Although it reads the Dataset correctly, the CPU utilization maxes out at exactly 100% on a float32 Dataset of ~10 billion entries, even though it uses all 64 CPUs (albeit only at ~20-30% utilization due to the I/O bottleneck) on a float32 Dataset of ~100 million entries. I've tried this on two different computing clusters with the same result. Maybe it has something to do with the size of the Dataset being greater than INT32_MAX?

What's stopping this code from running in parallel on extremely large datasets, and how can I fix it? Any other suggestions to improve the code's clarity or efficiency would also be appreciated.


Solution

  • Something is happening that is either preventing cython's prange from launching multiple threads, or is preventing the threads from getting anywhere once launched. It may or may not have anything to do directly with hdf5. Here's some possible causes:

    • Are you pre-allocating a buf large enough to hold the entire dataset before running your function? If so, that means your program is allocating 40+ gigabytes of memory (4 bytes per float32). How much memory do the nodes you're running on have? Are you the only user? Memory starvation could easily cause the kind of performance issues you describe.

    • Both cython and hdf5 require certain compilation flags in order to correctly support parallelism. Between your small and large dataset runs did you modify or recompile your code at all?

    • One easy way to explain why your program is using 100% of a single cpu is that it's getting hung somewhere before your read_hdf5_dataset function is ever called.

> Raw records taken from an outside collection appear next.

text \<open>The majorant needed for the series expansion of the first eigenvalue below: a
  trace with the extra factors \<open>\<ell>(M) + 1\<close> and \<open>\<Sum>\<^sub>k\<^sub>\<in>\<^sub>M R^(2k-1)\<close> still converges.\<close>
lemma trace_majorant_summable:
  assumes x0: "x \<noteq> 0" and ys0: "\<forall>y\<in>set ys. y \<noteq> 0"
    and rho: "norm p * (maxnorm x * (\<Prod>y\<leftarrow>ys. maxnorm y)) < 1"
  shows "(\<lambda>M. norm (weight p M) * norm (eigs ys M) *
            (of_nat (size M) + 1 + odd_pow_sum (maxnorm x) M)) summable_on pos_msets"
proof -
  define D where "D = 1 + (\<Sum>y\<in>set ys. norm (vac y))"
  have D1: "1 \<le> D" by (simp add: D_def sum_nonneg)
  have Dy: "\<forall>y\<in>set ys. norm (vac y) \<le> D"
  proof
    fix y assume "y \<in> set ys"
    hence "norm (vac y) \<le> (\<Sum>y\<in>set ys. norm (vac y))" by (intro member_le_sum) auto
    thus "norm (vac y) \<le> D" by (simp add: D_def)
  qed
  define X where "X M = (\<Prod>y\<leftarrow>ys. odd_pow_sum (maxnorm y) M + D)" for M
  have X0: "0 \<le> X M" for M
    unfolding X_def using D1 odd_pow_sum_nonneg[OF maxnorm_nonneg]
    by (intro prod_list_nonneg) (auto intro: add_nonneg_nonneg)
  have "(\<lambda>M. norm p ^ (2 * sum_mset M - size M) *
          (\<Prod>R\<leftarrow>maxnorm x # 1 # map maxnorm ys. odd_pow_sum R M + D)) summable_on pos_msets"
    using x0 ys0 rho D1 by (intro weighted_prod_summable) (auto intro: maxnorm_ge_1 simp: comp_def)
  hence "(\<lambda>M. 2 ^ length ys * (norm p ^ (2 * sum_mset M - size M) *
          ((odd_pow_sum (maxnorm x) M + D) * ((of_nat (size M) + D) * X M)))) summable_on pos_msets"
    by (intro summable_on_cmult_right) (simp add: X_def odd_pow_sum_one comp_def)
  thus ?thesis
  proof (rule summable_on_comparison_test)
    fix M :: "nat multiset"
    let ?a = "odd_pow_sum (maxnorm x) M" and ?s = "of_nat (size M) :: real"
    have a0: "0 \<le> ?a" by (rule odd_pow_sum_nonneg[OF maxnorm_nonneg])
    have "?s + 1 + ?a \<le> (?a + D) * (?s + D)"
    proof -
      have "?a \<le> ?a * D" "?s \<le> ?s * D" "1 \<le> D * D" "0 \<le> ?a * ?s"
        using D1 a0 mult_left_mono[OF D1, of ?a] mult_left_mono[OF D1, of ?s] mult_mono[OF D1 D1]
        by auto
      moreover have "(?a + D) * (?s + D) = ?a * ?s + ?a * D + ?s * D + D * D"
        by (simp add: algebra_simps)
      ultimately show ?thesis by linarith
    qed
    moreover have "norm (eigs ys M) \<le> 2 ^ length ys * X M"
      unfolding X_def by (rule norm_eigs[OF Dy])
    ultimately have "norm (eigs ys M) * (?s + 1 + ?a) \<le> (2 ^ length ys * X M) * ((?a + D) * (?s + D))"
      using a0 X0[of M] by (intro mult_mono) auto
    hence "norm (weight p M) * (norm (eigs ys M) * (?s + 1 + ?a))
        \<le> norm (weight p M) * ((2 ^ length ys * X M) * ((?a + D) * (?s + D)))"
      by (rule mult_left_mono) simp
    thus "norm (weight p M) * norm (eigs ys M) * (?s + 1 + ?a)
        \<le> 2 ^ length ys * (norm p ^ (2 * sum_mset M - size M) * ((?a + D) * ((?s + D) * X M)))"
      by (simp add: weight_def norm_power ac_simps)
    show "0 \<le> norm (weight p M) * norm (eigs ys M) * (?s + 1 + ?a)" using a0 by simp
  qed
qed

What other code in your program runs first, and could it be causing the problems you see?

    Part of the problem here is that it is going to be very hard for any users on this site to reproduce your exact issue, since we don't have most of your program and I at least don't have any 40 gig hdf5 files lying around (back in my grad school days tho, terabytes). If one of my above suggestions doesn't help, I think you have two ways forward:

    • Try to come up with a simplified repro of your issue, then edit your question to post it here.
    • Using a combination of debugger and profiler (and print statements, if you're feeling lame), try to track down the exact line your program is getting hung up on when single cpu utilization spins up to 100%. That alone should tell you a whole lot more about what's going on. In particular it should it very clear whether anything is getting locked down by a mutex, as @Homer512 suggested in his comments.